[ VOLUME — FINALE LA-LA-LAI ]
CHAPTER  11 – THE METALLIC COWBOY

And then the door opened. An old man stepped in. Dusty. Crooked. A hat that had seen more wars than the entire Galactic Federation.

He walked up to the bar, leaned on it with tired, sour hands, and said:

“Son… pour me somethin’ to wet this ol’ throat.”

Doce gave him a long look:
weight—maybe 60 kilos,
age—who the hell cares,
smell—old leather and cheap poetry.

“You ain’t from around here, abuelo. That’s plain as day.”

The old man smirked—half his face did. The other half had retired years ago.

“Name’s Butch.
Came outta Red Rodeo… driftin’ through.
Was drivin’ a herd o’ flaggnators.
Figured I’d stop on by…
see this fancy-ass bar y’all keep braggin’ ’bout.
Wet my throat a spell.”

Doce nodded, pulled out a cloudy bottle labeled Drunken Apocalypse.

What he poured could cure you… or kill you—
depended on the mood of the drink.

The old man threw back half the glass in one go.

The crowd gave a low, respectful murmur.

But then…
…something shifted.

The crowd near the door parted on its own.

Like the air itself said: move the fuck aside.

And then he walked in.

The metallic cowboy.

Dusty poncho.
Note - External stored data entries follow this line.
(* Every cubic graph of path-width at most 4 contains a subgraph isomorphic to one of the following: the triangle, $K_{2,3}$, the domino, the twin-house, or the claw-square.
   Context: All graphs are finite and simple; cubic means 3-regular. The domino is the $2\times 3$ grid graph (vertices $a_1,a_2,a_3,b_1,b_2,b_3$, edges $a_1a_2,a_2a_3,b_1b_2,b_2b_3,a_1b_1,a_2b_2,a_3b_3$). The twin-house is the graph on vertices $p_1,\dots,p_6$ with edges $p_1p_2,p_1p_5,p_2p_6,p_5p_3,p_5p_4,p_6p_3,p_6p_4$. The claw-square is the graph on vertices $a_1,a_2,a_3,a_4,b_1,b_2,b_3,c$ with edges $a_1a_2,a_2a_3,a_3a_4,a_4a_1$, $cb_1,cb_2,cb_3$, $b_1a_1,b_2a_2,b_3a_3$. *)

theory Defs
  imports Main
begin

definition simple_graph :: "'a set \<Rightarrow> ('a \<Rightarrow> 'a \<Rightarrow> bool) \<Rightarrow> bool" where
  "simple_graph V E \<longleftrightarrow> finite V \<and> (\<forall>u v. E u v \<longrightarrow> u \<in> V \<and> v \<in> V)
     \<and> (\<forall>u v. E u v \<longrightarrow> E v u) \<and> (\<forall>u. \<not> E u u)"

definition cubic :: "'a set \<Rightarrow> ('a \<Rightarrow> 'a \<Rightarrow> bool) \<Rightarrow> bool" where
  "cubic V E \<longleftrightarrow> (\<forall>v\<in>V. card {u \<in> V. E v u} = 3)"

definition path_decomposition :: "'a set \<Rightarrow> ('a \<Rightarrow> 'a \<Rightarrow> bool) \<Rightarrow> 'a set list \<Rightarrow> bool" where
  "path_decomposition V E B \<longleftrightarrow>
     (\<forall>X\<in>set B. X \<subseteq> V)
   \<and> (\<forall>v\<in>V. \<exists>X\<in>set B. v \<in> X)
   \<and> (\<forall>u v. E u v \<longrightarrow> (\<exists>X\<in>set B. u \<in> X \<and> v \<in> X))
   \<and> (\<forall>i j k. i \<le> j \<and> j \<le> k \<and> k < length B \<longrightarrow> B ! i \<inter> B ! k \<subseteq> B ! j)"

definition pathwidth :: "'a set \<Rightarrow> ('a \<Rightarrow> 'a \<Rightarrow> bool) \<Rightarrow> nat" where
  "pathwidth V E = (LEAST k. \<exists>B. path_decomposition V E B \<and> (\<forall>X\<in>set B. card X \<le> k + 1))"

definition has_subgraph_iso :: "'a set \<Rightarrow> ('a \<Rightarrow> 'a \<Rightarrow> bool) \<Rightarrow> 'b set \<Rightarrow> ('b \<Rightarrow> 'b \<Rightarrow> bool) \<Rightarrow> bool" where
  "has_subgraph_iso V E HV HE \<longleftrightarrow>
     (\<exists>f. inj_on f HV \<and> f ` HV \<subseteq> V \<and> (\<forall>x\<in>HV. \<forall>y\<in>HV. HE x y \<longrightarrow> E (f x) (f y)))"

definition edges_of :: "(nat \<times> nat) list \<Rightarrow> nat \<Rightarrow> nat \<Rightarrow> bool" where
  "edges_of L x y \<longleftrightarrow> (x, y) \<in> set L \<or> (y, x) \<in> set L"

definition triangle_V :: "nat set" where "triangle_V = {0,1,2}"
definition triangle_E :: "nat \<Rightarrow> nat \<Rightarrow> bool" where
  "triangle_E = edges_of [(0,1),(1,2),(2,0)]"

definition K23_V :: "nat set" where "K23_V = {0,1,2,3,4}"
definition K23_E :: "nat \<Rightarrow> nat \<Rightarrow> bool" where
  "K23_E = edges_of [(0,2),(0,3),(0,4),(1,2),(1,3),(1,4)]"

text \<open>Domino: a1,a2,a3 = 1,2,3; b1,b2,b3 = 4,5,6.\<close>
definition domino_V :: "nat set" where "domino_V = {1,2,3,4,5,6}"
definition domino_E :: "nat \<Rightarrow> nat \<Rightarrow> bool" where
  "domino_E = edges_of [(1,2),(2,3),(4,5),(5,6),(1,4),(2,5),(3,6)]"

text \<open>Twin-house: p1..p6 = 1..6.\<close>
definition twinhouse_V :: "nat set" where "twinhouse_V = {1,2,3,4,5,6}"
definition twinhouse_E :: "nat \<Rightarrow> nat \<Rightarrow> bool" where
  "twinhouse_E = edges_of [(1,2),(1,5),(2,6),(5,3),(5,4),(6,3),(6,4)]"

text \<open>Claw-square: a1..a4 = 1..4, b1,b2,b3 = 5,6,7, c = 8.\<close>
definition clawsquare_V :: "nat set" where "clawsquare_V = {1,2,3,4,5,6,7,8}"
definition clawsquare_E :: "nat \<Rightarrow> nat \<Rightarrow> bool" where
  "clawsquare_E = edges_of [(1,2),(2,3),(3,4),(4,1),(8,5),(8,6),(8,7),(5,1),(6,2),(7,3)]"

end

theory Submission
  imports Defs
begin

text \<open>Order the vertices by the first bag containing them in a path decomposition of width at
  most 4. A vertex of a prefix with a neighbour outside the prefix lies in the first bag of the
  next vertex, together with that vertex; hence every prefix has at most 4 unsaturated vertices
  (vertices of degree less than 3 inside it), and each new vertex is adjacent to at most 3
  earlier vertices, all of them unsaturated. A search over such vertex-by-vertex extensions, up
  to isomorphism, shows that within the first nine vertices (or all of them, if there are fewer)
  each extension either violates the bound or contains one of the five graphs.\<close>

section \<open>Subgraph containment\<close>

lemma has_subgraph_iso_trans:
  assumes "has_subgraph_iso V E HV HE" and "has_subgraph_iso V' E' V E"
  shows "has_subgraph_iso V' E' HV HE"
proof -
  obtain f where f: "inj_on f HV" "f ` HV \<subseteq> V" "\<forall>x\<in>HV. \<forall>y\<in>HV. HE x y \<longrightarrow> E (f x) (f y)"
    using assms(1) unfolding has_subgraph_iso_def by blast
  obtain g where g: "inj_on g V" "g ` V \<subseteq> V'" "\<forall>x\<in>V. \<forall>y\<in>V. E x y \<longrightarrow> E' (g x) (g y)"
    using assms(2) unfolding has_subgraph_iso_def by blast
  have "inj_on (g \<circ> f) HV"
    using f(1,2) g(1) by (simp add: comp_inj_on inj_on_subset)
  moreover have "(g \<circ> f) ` HV \<subseteq> V'"
    using f(2) g(2) by auto
  moreover have "\<forall>x\<in>HV. \<forall>y\<in>HV. HE x y \<longrightarrow> E' ((g \<circ> f) x) ((g \<circ> f) y)"
    using f g by (simp add: image_subset_iff)
  ultimately show ?thesis
    unfolding has_subgraph_iso_def by blast
qed

lemma has_subgraph_iso_enumeration:
  assumes "distinct xs" and "set xs \<subseteq> V" and "m \<le> length xs"
  shows "has_subgraph_iso V E {..<m} (\<lambda>i j. E (xs ! i) (xs ! j))"
  unfolding has_subgraph_iso_def
proof (intro exI[of _ "(!) xs"] conjI)
  show "inj_on ((!) xs) {..<m}"
    using assms(1,3) by (auto intro: inj_on_nth)
  show "(!) xs ` {..<m} \<subseteq> V"
    using assms(2,3) by auto
qed auto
Spikes.
Footsteps like sand grinding through time.

On his head—a small cowboy hat.

Child-sized.

But worn with the dignity of a marshal.

Butch barked without even looking:

“Boi—didn’t I tell ya to wait OUTSIDE?!”

The mechanical cowboy froze. Two lamp-eyes flickered.

He took off the hat…
and placed it over his chest—an old sheet-metal panel.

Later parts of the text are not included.